Even if I had lost my step, I needed to be a straight ruler again. I knew that, in fact, I had known it all along. But today I was going to try again.

To not let me and my crew suffer from missing her any longer.

Or at least, try not to.

I had decided to finally step up again, despite the condition I was in. Thanks to my friends' help, the plan we came up with together allowed me to carry out a mission. Although Seungmin and Jisung had voiced their concerns about me being unpredictable, they were glad I was speaking up for myself and wanted to be part of the mission.

And they knew not to deny me. They were apprehensive, not stupid.

This time, we were heading to an abandoned warehouse because we assumed that was were Lee Sooman had hidden his treasures. Two years after his death we were still looking for his assets. I expected to find drugs and at least a couple of million dollars this time.

"I'll go inside alone. The both of you make sure Hyunjin doesn't get discovered," I said to Changbin and Jisung who were supposed to accompany me, changing the plan last minute.

"Are you sure you're ready bro?" Changbin asked, alluding to how this was my first actual mission in two damn years. I grabbed his shoulder and gave him a slight nod.

Jisung didn't look too happy about my decision but was smart enough not to question it.

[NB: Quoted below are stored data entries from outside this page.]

(* Let $G$ be a locally compact abelian group with identity $e$, $\gamma\in\Gamma$, $s\ge0$, and assume that \[ \sup_{\xi\in G^\wedge}\frac{|\xi(h)-1|}{(1+\gamma(\xi)^2)^s}\longrightarrow0\quad\text{as } h\to e \] (in the sense that for every $\epsilon>0$ there is an open neighbourhood $U_\epsilon$ of $e$ with $\frac{|\xi(h)-1|}{(1+\gamma(\xi)^2)^s}\le\epsilon$ for all $h\in U_\epsilon$, $\xi\in G^\wedge$). Then there is a function $C:G\to[0,\infty]$ with $C(h)\to0$ as $h\to e$ (in the same sense) such that for every $f\in H^s_\gamma(G)$ and every $h\in G$, \[ \int_G|f(xh)-f(x)|^2\,d\mu_G(x)\le C(h)\,\|f\|^2_{H^s_\gamma(G)}. \]
   Context: $G$ is a locally compact abelian group with Haar measure $\mu_G$; $G^\wedge$ is its dual group (continuous homomorphisms $G\to\{z\in\mathbb C:|z|=1\}$, a locally compact abelian group under pointwise multiplication) with Haar measure $\mu_{G^\wedge}$ normalized so that the Plancherel theorem and Fourier inversion hold. For $f\in L^1_{\mu_G}(G)$, $\hat f(\xi)=\int_G\overline{\xi(x)}f(x)\,d\mu_G(x)$, extended to $L^2$ by Plancherel. $\Gamma$ is the set of functions $\gamma:G^\wedge\to[0,\infty)$ for which there is a constant $c_\gamma$ with $\gamma(\alpha\beta)\le c_\gamma[\gamma(\alpha)+\gamma(\beta)]$ for all $\alpha,\beta\in G^\wedge$. For $\gamma\in\Gamma$ and real $s\ge0$, $H^s_\gamma(G)$ is the set of $f\in L^2_{\mu_G}(G)$ with $\|f\|_{H^s_\gamma(G)}=\left(\int_{G^\wedge}(1+\gamma(\xi)^2)^s|\hat f(\xi)|^2\,d\mu_{G^\wedge}(\xi)\right)^{1/2}<\infty$. *)

theory Defs
  imports "HOL-Analysis.Analysis"
begin

text \<open>The LCA group G is a type of class topological_ab_group_add (written additively,
  identity 0, so xh becomes x + h).\<close>

definition dual_group :: "('g::topological_ab_group_add \<Rightarrow> complex) set" where
  "dual_group = {\<xi>. continuous_on UNIV \<xi> \<and> (\<forall>x. cmod (\<xi> x) = 1)
                      \<and> (\<forall>x y. \<xi> (x + y) = \<xi> x * \<xi> y)}"

definition dual_topology :: "('g::topological_ab_group_add \<Rightarrow> complex) topology" where
  "dual_topology = topology_generated_by
     {{\<xi>\<in>dual_group. \<xi> ` K \<subseteq> V} | K V. compact K \<and> open V}"

definition borel_of :: "'a topology \<Rightarrow> 'a set set" where
  "borel_of X = sigma_sets (topspace X) {U. openin X U}"

definition radon_on :: "'a topology \<Rightarrow> 'a measure \<Rightarrow> bool" where
  "radon_on X M \<longleftrightarrow> space M = topspace X \<and> sets M = borel_of X
     \<and> (\<forall>K. compactin X K \<longrightarrow> emeasure M K < \<infinity>)
     \<and> (\<forall>A\<in>sets M. emeasure M A = (INF U\<in>{U. openin X U \<and> A \<subseteq> U}. emeasure M U))
     \<and> (\<forall>U. openin X U \<longrightarrow> emeasure M U = (SUP K\<in>{K. compactin X K \<and> K \<subseteq> U}. emeasure M K))"

definition haar_measure :: "'g::topological_ab_group_add measure \<Rightarrow> bool" where
  "haar_measure M \<longleftrightarrow> radon_on euclidean M \<and> emeasure M UNIV \<noteq> 0
     \<and> (\<forall>A\<in>sets M. \<forall>x. emeasure M ((\<lambda>y. x + y) ` A) = emeasure M A)"

definition dual_haar_measure :: "('g::topological_ab_group_add \<Rightarrow> complex) measure \<Rightarrow> bool" where
  "dual_haar_measure N \<longleftrightarrow> radon_on dual_topology N \<and> emeasure N dual_group \<noteq> 0
     \<and> (\<forall>A\<in>sets N. \<forall>\<eta>\<in>dual_group.
           emeasure N ((\<lambda>\<xi> x. \<eta> x * \<xi> x) ` A) = emeasure N A)"

definition L2 :: "'a measure \<Rightarrow> ('a \<Rightarrow> complex) set" where
  "L2 M = {f. f \<in> borel_measurable M \<and> integrable M (\<lambda>x. (cmod (f x))\<^sup>2)}"

definition fourier_L1 :: "'g measure \<Rightarrow> ('g \<Rightarrow> complex) \<Rightarrow> ('g \<Rightarrow> complex) \<Rightarrow> complex" where
  "fourier_L1 M f \<xi> = (\<integral>x. cnj (\<xi> x) * f x \<partial>M)"

definition plancherel_normalized :: "'g measure \<Rightarrow> ('g \<Rightarrow> complex) measure \<Rightarrow> bool" where
  "plancherel_normalized M N \<longleftrightarrow>
     (\<forall>f. f \<in> L2 M \<and> integrable M f \<longrightarrow>
        fourier_L1 M f \<in> L2 N \<and>
        (\<integral>\<xi>. (cmod (fourier_L1 M f \<xi>))\<^sup>2 \<partial>N) = (\<integral>x. (cmod (f x))\<^sup>2 \<partial>M))"

definition fourier_L2 :: "'g measure \<Rightarrow> ('g \<Rightarrow> complex) measure \<Rightarrow> ('g \<Rightarrow> complex)
                          \<Rightarrow> ('g \<Rightarrow> complex) \<Rightarrow> complex" where
  "fourier_L2 M N f = (SOME g. g \<in> L2 N \<and>
     (\<exists>F. (\<forall>n. F n \<in> L2 M \<and> integrable M (F n)) \<and>
          (\<lambda>n. \<integral>x. (cmod (F n x - f x))\<^sup>2 \<partial>M) \<longlonglongrightarrow> 0 \<and>
          (\<lambda>n. \<integral>\<xi>. (cmod (fourier_L1 M (F n) \<xi> - g \<xi>))\<^sup>2 \<partial>N) \<longlonglongrightarrow> 0))"

definition Gamma_class :: "(('g::topological_ab_group_add \<Rightarrow> complex) \<Rightarrow> real) \<Rightarrow> bool" where
  "Gamma_class \<gamma> \<longleftrightarrow> (\<forall>\<xi>\<in>dual_group. 0 \<le> \<gamma> \<xi>) \<and>
     (\<exists>c. \<forall>\<alpha>\<in>dual_group. \<forall>\<beta>\<in>dual_group. \<gamma> (\<lambda>x. \<alpha> x * \<beta> x) \<le> c * (\<gamma> \<alpha> + \<gamma> \<beta>))"

definition Hs_norm2 :: "'g measure \<Rightarrow> ('g \<Rightarrow> complex) measure \<Rightarrow> (('g \<Rightarrow> complex) \<Rightarrow> real)
                        \<Rightarrow> real \<Rightarrow> ('g \<Rightarrow> complex) \<Rightarrow> ennreal" where
  "Hs_norm2 M N \<gamma> s f =
     (\<integral>\<^sup>+ \<xi>. ennreal ((1 + (\<gamma> \<xi>)\<^sup>2) powr s * (cmod (fourier_L2 M N f \<xi>))\<^sup>2) \<partial>N)"

definition Hs :: "'g measure \<Rightarrow> ('g \<Rightarrow> complex) measure \<Rightarrow> (('g \<Rightarrow> complex) \<Rightarrow> real)
                  \<Rightarrow> real \<Rightarrow> ('g \<Rightarrow> complex) set" where
  "Hs M N \<gamma> s = {f \<in> L2 M. Hs_norm2 M N \<gamma> s f < \<infinity>}"

end

theory Submission
  imports Defs
begin

text \<open>Translation by \<open>h\<close> multiplies Fourier transforms by \<open>\<xi> h\<close>, so by Plancherel
  \<open>\<parallel>f(\<cdot> + h) - f\<parallel>\<^sup>2 \<le> \<integral> |\<xi> h - 1|\<^sup>2 |f\<^sup>\<and>(\<xi>)|\<^sup>2 \<le> C h \<parallel>f\<parallel>\<^sup>2\<^sub>H\<^sub>s\<close> with
  \<open>C h = sup\<^sub>\<xi> |\<xi> h - 1|\<^sup>2 / (1 + \<gamma>(\<xi>)\<^sup>2)\<^sup>s\<close>, and \<open>|\<xi> h - 1| \<le> 2\<close> gives
  \<open>C h \<le> 2 sup\<^sub>\<xi> |\<xi> h - 1| / (1 + \<gamma>(\<xi>)\<^sup>2)\<^sup>s \<rightarrow> 0\<close>.
  Since \<open>f\<^sup>\<and>\<close> is only defined as an \<open>L\<^sup>2\<close>-limit of transforms of \<open>L\<^sup>1 \<inter> L\<^sup>2\<close>
  approximants of \<open>f\<close>, the first inequality is obtained by passing to the limit along such
  a sequence, whose existence rests on the density of \<open>L\<^sup>1 \<inter> L\<^sup>2\<close> and the
  completeness of \<open>L\<^sup>2\<close>.\<close>

lemma haar_measure_sets:
  assumes "haar_measure (\<mu>::'g::topological_ab_group_add measure)"
  shows "sets \<mu> = sets borel" and "space \<mu> = UNIV"
proof -
  have radon: "radon_on euclidean \<mu>" using assms by (simp add: haar_measure_def)
  then have "sets \<mu> = sigma_sets UNIV {U. open U}"
    by (simp add: radon_on_def borel_of_def)
  also have "\<dots> = sets borel" by (simp add: borel_def sets_measure_of)
  finally show "sets \<mu> = sets borel" .
  show "space \<mu> = UNIV" using radon by (simp add: radon_on_def)
qed

lemma measurable_haar_translate:
  fixes \<mu> :: "'g::topological_ab_group_add measure"
  assumes "haar_measure \<mu>"
  shows "(\<lambda>x. x + h) \<in> measurable \<mu> \<mu>"
  using measurable_cong_sets[OF haar_measure_sets(1)[OF assms] haar_measure_sets(1)[OF assms]]
  by (simp add: continuous_on_add borel_measurable_continuous_onI)

lemma distr_haar_translate:
  fixes \<mu> :: "'g::topological_ab_group_add measure"
  assumes "haar_measure \<mu>"
  shows "distr \<mu> \<mu> (\<lambda>x. x + h) = \<mu>"
proof (rule measure_eqI)
  fix A assume "A \<in> sets (distr \<mu> \<mu> (\<lambda>x. x + h))"
  then have A: "A \<in> sets \<mu>" by simp
  have "(\<lambda>x. x + h) -` A \<inter> space \<mu> = (\<lambda>y. - h + y) ` A"
    using haar_measure_sets(2)[OF assms] by (force simp: image_iff algebra_simps)
  moreover have "emeasure \<mu> ((\<lambda>y. - h + y) ` A) = emeasure \<mu> A"
    using assms A unfolding haar_measure_def by blast
  ultimately show "emeasure (distr \<mu> \<mu> (\<lambda>x. x + h)) A = emeasure \<mu> A"
    using A measurable_haar_translate[OF assms] by (simp add: emeasure_distr)
qed simp

lemma borel_measurable_haar_translate:
  fixes \<mu> :: "'g::topological_ab_group_add measure"
  assumes "haar_measure \<mu>" "g \<in> borel_measurable \<mu>"
  shows "(\<lambda>x. g (x + h)) \<in> borel_measurable \<mu>"
  using measurable_compose[OF measurable_haar_translate[OF assms(1)] assms(2)] by simp

lemma nn_integral_haar_translate:
  fixes \<mu> :: "'g::topological_ab_group_add measure"
  assumes "haar_measure \<mu>" "g \<in> borel_measurable \<mu>"
  shows "(\<integral>\<^sup>+x. g (x + h) \<partial>\<mu>) = integral\<^sup>N \<mu> g"
  using nn_integral_distr[OF measurable_haar_translate[OF assms(1)], of g]
  by (simp add: assms distr_haar_translate)

lemma integrable_haar_translate_iff:
  fixes \<mu> :: "'g::topological_ab_group_add measure"
    and g :: "'g \<Rightarrow> 'b::{banach,second_countable_topology}"
  assumes "haar_measure \<mu>" "g \<in> borel_measurable \<mu>"
  shows "integrable \<mu> (\<lambda>x. g (x + h)) \<longleftrightarrow> integrable \<mu> g"
  using integrable_distr_eq[OF measurable_haar_translate[OF assms(1)] assms(2)]
  by (simp add: assms distr_haar_translate)

lemma integral_haar_translate:
  fixes \<mu> :: "'g::topological_ab_group_add measure"
    and g :: "'g \<Rightarrow> 'b::{banach,second_countable_topology}"
  assumes "haar_measure \<mu>" "g \<in> borel_measurable \<mu>"
  shows "(\<integral>x. g (x + h) \<partial>\<mu>) = integral\<^sup>L \<mu> g"
  using integral_distr[OF measurable_haar_translate[OF assms(1)] assms(2)]
  by (simp add: assms distr_haar_translate)

lemma dual_groupD:
  assumes "\<xi> \<in> dual_group"
  shows "continuous_on UNIV \<xi>" and "cmod (\<xi> x) = 1" and "\<xi> (x + y) = \<xi> x * \<xi> y"
  using assms by (auto simp: dual_group_def)

lemma character_zero:
  assumes "\<xi> \<in> dual_group"
  shows "\<xi> 0 = 1"
proof -
  have "\<xi> 0 * \<xi> 0 = \<xi> 0 * 1" using dual_groupD(3)[OF assms, of 0 0] by simp
  moreover have "\<xi> 0 \<noteq> 0" using dual_groupD(2)[OF assms, of 0] by auto
  ultimately show ?thesis using mult_left_cancel by blast
qed

lemma character_minus:
  assumes "\<xi> \<in> dual_group"
  shows "\<xi> (- h) = cnj (\<xi> h)"
proof -
  have "\<xi> h * \<xi> (- h) = 1"
    using dual_groupD(3)[OF assms, of h "- h"] character_zero[OF assms] by simp
  moreover have "\<xi> h * cnj (\<xi> h) = 1"
    using dual_groupD(2)[OF assms, of h] by (simp add: complex_norm_square[symmetric])
  ultimately show ?thesis by (metis mult.left_commute mult.right_neutral)
qed

lemma norm_character_sub_one_le:
  assumes "\<xi> \<in> dual_group"
  shows "cmod (\<xi> h - 1) \<le> 2"
  using norm_triangle_ineq4[of "\<xi> h" 1] dual_groupD(2)[OF assms, of h] by simp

"We'll stay close in case you need us." I appreciated both, their concern and their trust equally.

But I needed to prove to them and especially myself that I was still capable of being a gang leader that made plans and decisions, no matter the circumstances.

I got out of the car and carefully approached the warehouse, checking my weapons and tightening the gloves on my hands. It was a habit I couldn't seem to get rid of.

Once I reached the door, I pushed it open and stepped inside, the musty smell instantly hitting my nostrils and I tried not to gag as the stench burned in my eyes. I pulled up my mask to cover half of my face and protect my senses from the disgusting scent.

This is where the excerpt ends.